Required work ▸ Set down each record exactly as written.

[Saved data entries]
<<<<

lemma H_chapman_kolmogorov:
  assumes "m < n" "n < l" "i \<ge> 1" "j \<ge> 1"
  shows "((\<lambda>k. H m n i k * H n l k j) has_sum H m l i j) {1..}"
proof -
  have "((\<lambda>(b, h). H m n i b * P n l b h j * state n h) has_sum H m l i j) ({1..} \<times> {1..})"
  proof (rule has_sum_swap_nonneg
      [where f = "\<lambda>p (b, h). state m p * (H m n i b * H m n p h * P n l b h j)"])
    show "((\<lambda>(b, h). state m p * (H m n i b * H m n p h * P n l b h j))
        has_sum state m p * P m l i p j) ({1..} \<times> {1..})" if "p \<in> {1..}" for p
      using has_sum_cmult_right[OF P_typeB_has_sum[of m n l i p j], of "state m p"] assms that
      by (simp add: case_prod_unfold)
    show "((\<lambda>p. state m p * P m l i p j) has_sum H m l i j) {1..}"
      using H_has_sum[of m l i j] assms by (simp add: mult.commute)
  next
    fix v :: "nat \<times> nat"
    assume "v \<in> {1..} \<times> {1..}"
    then obtain b h where v: "v = (b, h)" "b \<ge> 1" "h \<ge> 1" by auto
    from has_sum_cmult_left[OF state_H_has_sum[of m n h], of "H m n i b * P n l b h j"]
    show "((\<lambda>p. (\<lambda>p (b, h). state m p * (H m n i b * H m n p h * P n l b h j)) p v) has_sum
        (\<lambda>(b, h). H m n i b * P n l b h j * state n h) v) {1..}"
      using v assms by (simp add: mult_ac)
  qed (use assms in \<open>auto simp: state_nonneg H_nonneg P_nonneg\<close>)
  then show ?thesis
  proof (rule has_sum_SigmaD)
    show "((\<lambda>h. (\<lambda>(b, h). H m n i b * P n l b h j * state n h) (b, h))
        has_sum H m n i b * H n l b j) {1..}"
      if "b \<in> {1..}" for b
      using has_sum_cmult_right[OF H_has_sum[of n l b j], of "H m n i b"] assms that
      by (simp add: mult.assoc)
  qed
qed

end

theorem lemma2p3:
  fixes P :: "nat \<Rightarrow> nat \<Rightarrow> nat \<Rightarrow> nat \<Rightarrow> nat \<Rightarrow> real" and x0 :: "nat \<Rightarrow> real"
  assumes "qsp_typeA P x0 \<or> qsp_typeB P x0"
  shows "(\<forall>m n. m < n \<longrightarrow> stochastic_matrix (qsp_H P x0 m n))
    \<and> (\<forall>m n l i j. m < n \<and> n < l \<and> i \<ge> 1 \<and> j \<ge> 1 \<longrightarrow>
         qsp_H P x0 m l i j = (\<Sum>\<^sub>\<infinity>k\<in>{1..}. qsp_H P x0 m n i k * qsp_H P x0 n l k j))"
proof -
  interpret qsp P x0
    using assms by unfold_locales (auto simp: qsp_typeA_def qsp_typeB_def)
  have "((\<lambda>k. H m n i k * H n l k j) has_sum H m l i j) {1..}"
    if "m < n" "n < l" "i \<ge> 1" "j \<ge> 1" for m n l i j
    using assms that qsp_A.H_chapman_kolmogorov[OF qsp_A.intro]
      qsp_B.H_chapman_kolmogorov[OF qsp_B.intro]
    by blast
  then show ?thesis
    using stochastic_matrix_H by (auto intro: infsumI[symmetric])
qed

>>>>

Answer box ▸
lemma H_chapman_kolmogorov:
  assumes "m < n" "n < l" "i \<ge> 1" "j \<ge> 1"
  shows "((\<lambda>k. H m n i k * H n l k j) has_sum H m l i j) {1..}"
proof -
  have "((\<lambda>(b, h). H m n i b * P n l b h j * state n h) has_sum H m l i j) ({1..} \<times> {1..})"
  proof (rule has_sum_swap_nonneg
      [where f = "\<lambda>p (b, h). state m p * (H m n i b * H m n p h * P n l b h j)"])
    show "((\<lambda>(b, h). state m p * (H m n i b * H m n p h * P n l b h j))
        has_sum state m p * P m l i p j) ({1..} \<times> {1..})" if "p \<in> {1..}" for p
      using has_sum_cmult_right[OF P_typeB_has_sum[of m n l i p j], of "state m p"] assms that
      by (simp add: case_prod_unfold)
    show "((\<lambda>p. state m p * P m l i p j) has_sum H m l i j) {1..}"
      using H_has_sum[of m l i j] assms by (simp add: mult.commute)
  next
    fix v :: "nat \<times> nat"
    assume "v \<in> {1..} \<times> {1..}"
    then obtain b h where v: "v = (b, h)" "b \<ge> 1" "h \<ge> 1" by auto
    from has_sum_cmult_left[OF state_H_has_sum[of m n h], of "H m n i b * P n l b h j"]
    show "((\<lambda>p. (\<lambda>p (b, h). state m p * (H m n i b * H m n p h * P n l b h j)) p v) has_sum
        (\<lambda>(b, h). H m n i b * P n l b h j * state n h) v) {1..}"
      using v assms by (simp add: mult_ac)
  qed (use assms in \<open>auto simp: state_nonneg H_nonneg P_nonneg\<close>)
  then show ?thesis
  proof (rule has_sum_SigmaD)
    show "((\<lambda>h. (\<lambda>(b, h). H m n i b * P n l b h j * state n h) (b, h))
        has_sum H m n i b * H n l b j) {1..}"
      if "b \<in> {1..}" for b
      using has_sum_cmult_right[OF H_has_sum[of n l b j], of "H m n i b"] assms that
      by (simp add: mult.assoc)
  qed
qed

end

theorem lemma2p3:
  fixes P :: "nat \<Rightarrow> nat \<Rightarrow> nat \<Rightarrow> nat \<Rightarrow> nat \<Rightarrow> real" and x0 :: "nat \<Rightarrow> real"
  assumes "qsp_typeA P x0 \<or> qsp_typeB P x0"
  shows "(\<forall>m n. m < n \<longrightarrow> stochastic_matrix (qsp_H P x0 m n))
    \<and> (\<forall>m n l i j. m < n \<and> n < l \<and> i \<ge> 1 \<and> j \<ge> 1 \<longrightarrow>
         qsp_H P x0 m l i j = (\<Sum>\<^sub>\<infinity>k\<in>{1..}. qsp_H P x0 m n i k * qsp_H P x0 n l k j))"
proof -
  interpret qsp P x0
    using assms by unfold_locales (auto simp: qsp_typeA_def qsp_typeB_def)
  have "((\<lambda>k. H m n i k * H n l k j) has_sum H m l i j) {1..}"
    if "m < n" "n < l" "i \<ge> 1" "j \<ge> 1" for m n l i j
    using assms that qsp_A.H_chapman_kolmogorov[OF qsp_A.intro]
      qsp_B.H_chapman_kolmogorov[OF qsp_B.intro]
    by blast
  then show ?thesis
    using stochastic_matrix_H by (auto intro: infsumI[symmetric])
qed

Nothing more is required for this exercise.